Più complessa è la questione della funzione e dell’effettiva rilevanza delle teorie formali della decisione razionale nell’analisi dei processi decisionali politico-militari. Lo straordinario sviluppo registrato dalla teoria dei giochi nei decenni scorsi ha portato all’introduzione di modelli per i giochi ripetuti e dinamici, rivelatisi particolarmente utili proprio nel campo dell’analisi della politica internazionale e delle questioni di sicurezza. Nonostante ciò Ragionieri evidenzia il limite maggiore della teoria: gli assunti di tipo lineare sui comportamenti sociali, che non consentono di trattare i meccanismi di retroazione, l’auto-condizionamento risultante dai processi percettivi e cognitivi e gli effetti sistemici tipici, come anche evidenziato sia da Diodato e Gori che da Accame, dei processi d’interazione strategica.

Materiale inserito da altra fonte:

lemma potential_antimono:
  assumes "0 \<le> D" "D \<le> D'"
  shows "potential L D' \<le> potential L D"
proof -
  consider "D' = 0" | "D = 0" "0 < D'" | "0 < D" "D \<le> D'"
    using assms by linarith
  then show ?thesis
  proof cases
    case 1
    then show ?thesis
      using assms by simp
  next
    case 2
    then show ?thesis
      using ln_mean_exp_div_le_Max eta_pos by (simp add: potential_def)
  next
    case 3
    have "ah_eta K D' \<le> ah_eta K D"
      using 3 ln_K_pos by (simp add: ah_eta_def frac_le)
    then show ?thesis
      using 3 eta_pos ln_mean_exp_div_mono by (simp add: potential_def)
  qed
qed

end

section \<open>Expectation over action histories\<close>

locale sequential_policy =
  fixes K :: nat and P :: "(nat \<Rightarrow> nat) \<Rightarrow> nat \<Rightarrow> nat \<Rightarrow> real"
  assumes P_nonneg: "0 \<le> P A t a"
    and P_sum: "(\<Sum>a<K. P A t a) = 1"
    and P_causal: "(\<And>s. s < t \<Longrightarrow> A s = B s) \<Longrightarrow> P A t = P B t"
begin

abbreviation histories :: "nat \<Rightarrow> (nat \<Rightarrow> nat) set" where
  "histories T \<equiv> PiE {..<T} (\<lambda>_. {..<K})"

definition history_prob :: "nat \<Rightarrow> (nat \<Rightarrow> nat) \<Rightarrow> real" where
  "history_prob T A = (\<Prod>t<T. P A t (A t))"

definition expect :: "nat \<Rightarrow> ((nat \<Rightarrow> nat) \<Rightarrow> real) \<Rightarrow> real" where
  "expect T f = (\<Sum>A\<in>histories T. history_prob T A * f A)"

lemma history_prob_nonneg: "0 \<le> history_prob T A"
  unfolding history_prob_def by (intro prod_nonneg P_nonneg)

lemma history_prob_Suc: "history_prob (Suc T) A = history_prob T A * P A T (A T)"
  by (simp add: history_prob_def)

lemma P_fun_upd: "T \<le> t \<Longrightarrow> P (A(t := a)) T = P A T"
  by (intro P_causal) auto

Superare quel limite implica il definitivo abbandono della metafora newtoniana che per almeno due secoli ha dominato il pensiero strategico e le scienze sociali, applicando i risultati delle ricerche più recenti in materia di epistemologia, funzionamento del cervello, intelligenza artificiale, teoria del caos e della complessità. A quei risultati, considerata la rilevanza oggi riconosciuta ai fenomeni di natura non-lineare nella percezione che il soggetto ha di sé e nella sua relazione con la realtà, si richiamano Giorgio Nardone ed Elisa Valteroni nel saggio sull’approccio «costruttivista-strategico» in psicoterapia.
Il saggio propone un percorso di senso inverso rispetto a quello suggerito da Accame: lì si trattava di guardare alla strategia in ottica psicanalitica; qui di applicare alla terapia analitica concetti e metodologie sviluppati dalla teoria strategica. Presentare anche questa faccia del «prisma strategico» potrebbe apparire una bizzarria intellettuale. Eppure il legame tra arte medica e della guerra è stato più volte segnalato, in particolare con riferimento alla tradizione taoista44. La psicoterapia, come la medicina tutta, è conflitto con un nemico che agisce e reagisce in modo subdolo, «astuto», in cui il terapeuta «cerca di prevedere le reazioni ad ogni singola manovra, pianificando possibili varianti tattiche […] alla strategia iniziale sulla base degli effetti rilevati, con l’obiettivo di raggiungere […] la vittoria» [enfasi nostre]»45. Come si vede il linguaggio bellico si presta allo scopo.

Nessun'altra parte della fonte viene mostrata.